• [EXERCISE DETAILS]: Look below for the line containing "(\<forall>x y. length x = k"; from there through the line containing "n mu \<longleftrightarrow>", both lines included, please set down each line exactly and nothing else.

• [RECORD EXCERPTS]:
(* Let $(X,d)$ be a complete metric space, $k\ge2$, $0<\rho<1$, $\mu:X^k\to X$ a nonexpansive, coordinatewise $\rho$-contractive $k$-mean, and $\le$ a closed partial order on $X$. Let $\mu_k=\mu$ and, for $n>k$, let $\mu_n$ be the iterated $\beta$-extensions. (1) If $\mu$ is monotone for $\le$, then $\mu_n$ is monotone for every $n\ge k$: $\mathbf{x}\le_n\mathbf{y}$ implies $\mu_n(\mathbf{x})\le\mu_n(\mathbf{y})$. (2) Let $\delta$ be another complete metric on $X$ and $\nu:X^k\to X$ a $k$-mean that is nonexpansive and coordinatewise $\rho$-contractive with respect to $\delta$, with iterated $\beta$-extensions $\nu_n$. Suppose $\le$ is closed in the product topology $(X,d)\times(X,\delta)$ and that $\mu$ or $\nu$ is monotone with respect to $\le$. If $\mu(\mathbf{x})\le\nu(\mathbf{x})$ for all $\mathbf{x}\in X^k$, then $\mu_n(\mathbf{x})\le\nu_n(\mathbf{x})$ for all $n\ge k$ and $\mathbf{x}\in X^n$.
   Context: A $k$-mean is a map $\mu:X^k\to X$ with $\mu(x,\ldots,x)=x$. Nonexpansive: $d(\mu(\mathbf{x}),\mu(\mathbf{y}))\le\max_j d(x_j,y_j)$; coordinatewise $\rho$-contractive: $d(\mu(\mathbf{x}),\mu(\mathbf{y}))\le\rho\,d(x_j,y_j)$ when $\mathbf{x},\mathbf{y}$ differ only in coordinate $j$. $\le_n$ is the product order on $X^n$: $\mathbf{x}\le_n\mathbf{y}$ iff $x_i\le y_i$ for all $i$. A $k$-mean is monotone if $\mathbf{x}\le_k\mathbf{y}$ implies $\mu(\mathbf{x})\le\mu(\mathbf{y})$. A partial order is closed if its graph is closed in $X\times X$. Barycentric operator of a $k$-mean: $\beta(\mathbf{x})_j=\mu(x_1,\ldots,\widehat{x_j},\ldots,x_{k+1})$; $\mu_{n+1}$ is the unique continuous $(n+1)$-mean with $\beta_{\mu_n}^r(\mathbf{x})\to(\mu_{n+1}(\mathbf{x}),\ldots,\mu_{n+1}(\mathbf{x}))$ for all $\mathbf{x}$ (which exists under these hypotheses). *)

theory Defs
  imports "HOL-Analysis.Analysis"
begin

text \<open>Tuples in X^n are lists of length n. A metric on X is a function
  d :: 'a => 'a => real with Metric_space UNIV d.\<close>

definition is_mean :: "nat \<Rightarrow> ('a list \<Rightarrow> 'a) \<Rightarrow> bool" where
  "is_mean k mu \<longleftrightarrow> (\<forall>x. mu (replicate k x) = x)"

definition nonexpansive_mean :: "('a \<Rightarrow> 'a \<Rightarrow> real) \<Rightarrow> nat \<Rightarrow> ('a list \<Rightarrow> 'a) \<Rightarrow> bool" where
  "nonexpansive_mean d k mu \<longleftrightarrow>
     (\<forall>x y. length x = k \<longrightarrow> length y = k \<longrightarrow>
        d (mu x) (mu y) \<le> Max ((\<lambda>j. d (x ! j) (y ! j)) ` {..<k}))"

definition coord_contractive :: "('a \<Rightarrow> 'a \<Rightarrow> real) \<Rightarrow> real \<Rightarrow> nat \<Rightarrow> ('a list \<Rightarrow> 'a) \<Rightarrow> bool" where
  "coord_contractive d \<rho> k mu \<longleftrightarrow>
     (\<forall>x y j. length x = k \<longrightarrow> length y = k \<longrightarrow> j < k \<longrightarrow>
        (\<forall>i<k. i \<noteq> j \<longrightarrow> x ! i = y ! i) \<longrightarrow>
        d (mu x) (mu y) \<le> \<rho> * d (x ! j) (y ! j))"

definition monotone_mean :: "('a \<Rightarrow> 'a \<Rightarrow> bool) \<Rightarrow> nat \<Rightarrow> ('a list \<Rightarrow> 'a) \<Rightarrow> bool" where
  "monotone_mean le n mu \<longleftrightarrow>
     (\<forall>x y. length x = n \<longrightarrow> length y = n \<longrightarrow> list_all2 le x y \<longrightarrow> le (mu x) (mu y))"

---

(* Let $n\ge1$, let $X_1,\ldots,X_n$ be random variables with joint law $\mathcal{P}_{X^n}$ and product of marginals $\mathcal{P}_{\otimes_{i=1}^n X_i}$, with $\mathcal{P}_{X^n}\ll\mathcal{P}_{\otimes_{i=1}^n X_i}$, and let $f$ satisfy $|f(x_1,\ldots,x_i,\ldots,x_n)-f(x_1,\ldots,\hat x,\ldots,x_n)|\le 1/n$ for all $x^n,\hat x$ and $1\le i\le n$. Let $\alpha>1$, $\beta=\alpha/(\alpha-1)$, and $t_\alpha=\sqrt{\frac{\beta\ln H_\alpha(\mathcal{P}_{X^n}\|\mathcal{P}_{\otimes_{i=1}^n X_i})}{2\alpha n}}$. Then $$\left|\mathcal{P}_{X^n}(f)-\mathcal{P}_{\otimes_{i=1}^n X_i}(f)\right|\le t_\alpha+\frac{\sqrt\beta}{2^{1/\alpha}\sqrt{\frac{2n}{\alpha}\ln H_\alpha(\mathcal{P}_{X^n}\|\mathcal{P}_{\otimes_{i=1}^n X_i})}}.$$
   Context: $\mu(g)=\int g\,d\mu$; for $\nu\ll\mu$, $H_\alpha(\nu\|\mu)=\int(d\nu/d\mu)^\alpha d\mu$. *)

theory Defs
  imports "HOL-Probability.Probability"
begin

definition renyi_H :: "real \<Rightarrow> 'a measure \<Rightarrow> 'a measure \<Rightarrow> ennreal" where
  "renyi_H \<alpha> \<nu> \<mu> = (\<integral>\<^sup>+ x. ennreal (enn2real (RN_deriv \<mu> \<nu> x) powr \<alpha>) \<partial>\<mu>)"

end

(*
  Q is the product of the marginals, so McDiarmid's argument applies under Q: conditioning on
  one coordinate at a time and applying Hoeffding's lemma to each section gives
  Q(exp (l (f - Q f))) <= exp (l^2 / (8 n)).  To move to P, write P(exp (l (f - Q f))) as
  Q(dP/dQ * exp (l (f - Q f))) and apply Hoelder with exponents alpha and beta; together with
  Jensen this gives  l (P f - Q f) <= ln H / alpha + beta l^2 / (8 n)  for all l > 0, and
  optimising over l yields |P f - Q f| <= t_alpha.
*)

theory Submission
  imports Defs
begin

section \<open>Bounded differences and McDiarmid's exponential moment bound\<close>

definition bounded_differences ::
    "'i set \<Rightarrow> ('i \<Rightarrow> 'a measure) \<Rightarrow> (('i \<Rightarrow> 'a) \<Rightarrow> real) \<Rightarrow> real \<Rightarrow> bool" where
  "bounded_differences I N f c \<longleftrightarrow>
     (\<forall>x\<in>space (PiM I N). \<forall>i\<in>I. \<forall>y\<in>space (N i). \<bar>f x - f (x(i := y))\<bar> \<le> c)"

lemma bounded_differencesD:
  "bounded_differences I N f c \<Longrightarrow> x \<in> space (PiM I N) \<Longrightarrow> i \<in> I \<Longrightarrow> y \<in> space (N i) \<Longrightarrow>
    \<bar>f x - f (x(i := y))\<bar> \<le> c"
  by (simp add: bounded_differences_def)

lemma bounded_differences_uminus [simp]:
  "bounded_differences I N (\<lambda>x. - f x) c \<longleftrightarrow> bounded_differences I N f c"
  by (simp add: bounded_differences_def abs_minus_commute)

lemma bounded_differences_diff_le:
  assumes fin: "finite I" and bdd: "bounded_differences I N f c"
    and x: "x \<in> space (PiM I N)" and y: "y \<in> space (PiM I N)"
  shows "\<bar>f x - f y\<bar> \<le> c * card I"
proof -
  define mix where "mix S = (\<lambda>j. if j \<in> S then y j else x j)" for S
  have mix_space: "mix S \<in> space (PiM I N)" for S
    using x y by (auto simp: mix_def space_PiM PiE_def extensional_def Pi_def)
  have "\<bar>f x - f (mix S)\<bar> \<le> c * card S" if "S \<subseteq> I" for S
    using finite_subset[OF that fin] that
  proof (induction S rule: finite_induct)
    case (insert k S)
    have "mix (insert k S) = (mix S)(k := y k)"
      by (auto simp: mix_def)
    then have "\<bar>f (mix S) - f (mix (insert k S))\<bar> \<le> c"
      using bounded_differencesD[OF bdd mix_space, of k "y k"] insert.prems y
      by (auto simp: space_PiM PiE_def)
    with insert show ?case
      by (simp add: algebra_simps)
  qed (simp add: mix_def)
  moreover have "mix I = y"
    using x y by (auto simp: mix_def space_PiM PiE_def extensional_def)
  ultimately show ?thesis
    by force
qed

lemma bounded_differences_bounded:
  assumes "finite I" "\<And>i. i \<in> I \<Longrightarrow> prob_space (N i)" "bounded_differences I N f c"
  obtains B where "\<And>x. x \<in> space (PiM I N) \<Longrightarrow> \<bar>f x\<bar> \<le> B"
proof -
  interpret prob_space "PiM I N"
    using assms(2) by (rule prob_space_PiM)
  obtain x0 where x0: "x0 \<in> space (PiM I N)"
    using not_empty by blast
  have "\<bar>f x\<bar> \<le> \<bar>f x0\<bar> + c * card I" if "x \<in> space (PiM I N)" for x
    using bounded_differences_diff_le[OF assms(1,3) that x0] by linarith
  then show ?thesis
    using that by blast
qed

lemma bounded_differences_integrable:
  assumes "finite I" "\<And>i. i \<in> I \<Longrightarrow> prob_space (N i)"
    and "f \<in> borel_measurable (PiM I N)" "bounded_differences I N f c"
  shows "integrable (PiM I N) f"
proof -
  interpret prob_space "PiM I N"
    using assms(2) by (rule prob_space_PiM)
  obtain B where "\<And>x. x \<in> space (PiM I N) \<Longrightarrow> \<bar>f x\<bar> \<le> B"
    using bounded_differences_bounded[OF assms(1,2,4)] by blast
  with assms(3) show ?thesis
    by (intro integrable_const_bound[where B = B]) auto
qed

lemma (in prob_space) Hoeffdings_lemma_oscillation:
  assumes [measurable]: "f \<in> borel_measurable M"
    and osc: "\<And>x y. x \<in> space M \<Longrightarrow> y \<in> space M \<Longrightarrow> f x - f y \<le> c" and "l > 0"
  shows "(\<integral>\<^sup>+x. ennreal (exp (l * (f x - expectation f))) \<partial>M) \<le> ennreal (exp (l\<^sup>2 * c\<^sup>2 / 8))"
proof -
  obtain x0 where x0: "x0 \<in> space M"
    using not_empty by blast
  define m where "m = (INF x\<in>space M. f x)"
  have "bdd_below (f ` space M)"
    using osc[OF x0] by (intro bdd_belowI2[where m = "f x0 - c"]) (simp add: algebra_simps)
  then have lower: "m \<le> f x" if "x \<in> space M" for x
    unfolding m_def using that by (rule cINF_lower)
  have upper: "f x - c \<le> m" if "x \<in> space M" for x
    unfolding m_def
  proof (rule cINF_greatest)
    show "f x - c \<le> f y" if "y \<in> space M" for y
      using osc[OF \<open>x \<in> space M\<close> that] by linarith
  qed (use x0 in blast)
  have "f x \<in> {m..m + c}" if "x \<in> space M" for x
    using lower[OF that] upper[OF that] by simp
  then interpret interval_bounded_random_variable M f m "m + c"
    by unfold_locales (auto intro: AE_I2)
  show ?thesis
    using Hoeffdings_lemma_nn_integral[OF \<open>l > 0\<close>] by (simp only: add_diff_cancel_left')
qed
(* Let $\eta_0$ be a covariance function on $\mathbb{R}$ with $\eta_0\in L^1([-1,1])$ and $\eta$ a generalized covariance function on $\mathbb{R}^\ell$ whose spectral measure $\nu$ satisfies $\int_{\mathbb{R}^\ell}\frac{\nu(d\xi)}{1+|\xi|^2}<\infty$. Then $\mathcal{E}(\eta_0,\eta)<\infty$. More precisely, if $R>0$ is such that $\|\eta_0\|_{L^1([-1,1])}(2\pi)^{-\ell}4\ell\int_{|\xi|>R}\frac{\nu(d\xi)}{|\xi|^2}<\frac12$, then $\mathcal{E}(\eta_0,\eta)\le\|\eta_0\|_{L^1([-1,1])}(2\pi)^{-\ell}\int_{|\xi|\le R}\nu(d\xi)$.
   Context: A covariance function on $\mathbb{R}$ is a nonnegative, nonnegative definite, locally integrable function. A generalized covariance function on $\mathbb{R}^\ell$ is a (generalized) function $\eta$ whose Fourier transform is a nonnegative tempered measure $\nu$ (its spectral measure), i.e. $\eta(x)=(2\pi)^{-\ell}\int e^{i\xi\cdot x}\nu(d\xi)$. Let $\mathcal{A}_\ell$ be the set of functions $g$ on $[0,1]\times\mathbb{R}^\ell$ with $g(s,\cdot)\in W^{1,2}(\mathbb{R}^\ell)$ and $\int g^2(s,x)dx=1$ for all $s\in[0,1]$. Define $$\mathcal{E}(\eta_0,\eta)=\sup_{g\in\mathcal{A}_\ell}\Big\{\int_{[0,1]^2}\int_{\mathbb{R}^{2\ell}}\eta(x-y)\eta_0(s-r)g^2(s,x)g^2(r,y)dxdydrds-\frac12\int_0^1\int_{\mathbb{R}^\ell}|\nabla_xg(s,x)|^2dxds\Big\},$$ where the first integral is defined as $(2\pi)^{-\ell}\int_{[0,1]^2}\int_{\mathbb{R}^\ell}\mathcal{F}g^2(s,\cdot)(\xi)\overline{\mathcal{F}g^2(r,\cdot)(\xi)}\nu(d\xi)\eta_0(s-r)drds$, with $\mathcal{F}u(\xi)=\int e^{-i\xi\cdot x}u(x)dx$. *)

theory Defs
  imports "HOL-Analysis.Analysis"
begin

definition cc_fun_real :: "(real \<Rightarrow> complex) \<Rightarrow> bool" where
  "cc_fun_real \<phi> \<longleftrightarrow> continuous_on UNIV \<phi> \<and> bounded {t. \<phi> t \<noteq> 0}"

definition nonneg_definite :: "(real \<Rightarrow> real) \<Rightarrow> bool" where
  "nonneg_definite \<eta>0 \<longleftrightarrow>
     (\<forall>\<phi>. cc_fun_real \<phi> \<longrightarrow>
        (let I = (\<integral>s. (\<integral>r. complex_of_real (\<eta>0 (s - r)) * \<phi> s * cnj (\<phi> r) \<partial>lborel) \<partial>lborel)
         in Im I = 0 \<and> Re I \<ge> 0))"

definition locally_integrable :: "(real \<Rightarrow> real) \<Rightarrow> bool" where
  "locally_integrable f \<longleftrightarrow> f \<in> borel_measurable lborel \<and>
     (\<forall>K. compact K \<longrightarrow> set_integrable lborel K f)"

• [WRITTEN REPLY]:
     (\<forall>x y. length x = k \<longrightarrow> length y = k \<longrightarrow>
        d (mu x) (mu y) \<le> Max ((\<lambda>j. d (x ! j) (y ! j)) ` {..<k}))"

definition coord_contractive :: "('a \<Rightarrow> 'a \<Rightarrow> real) \<Rightarrow> real \<Rightarrow> nat \<Rightarrow> ('a list \<Rightarrow> 'a) \<Rightarrow> bool" where
  "coord_contractive d \<rho> k mu \<longleftrightarrow>
     (\<forall>x y j. length x = k \<longrightarrow> length y = k \<longrightarrow> j < k \<longrightarrow>
        (\<forall>i<k. i \<noteq> j \<longrightarrow> x ! i = y ! i) \<longrightarrow>
        d (mu x) (mu y) \<le> \<rho> * d (x ! j) (y ! j))"

definition monotone_mean :: "('a \<Rightarrow> 'a \<Rightarrow> bool) \<Rightarrow> nat \<Rightarrow> ('a list \<Rightarrow> 'a) \<Rightarrow> bool" where
  "monotone_mean le n mu \<longleftrightarrow>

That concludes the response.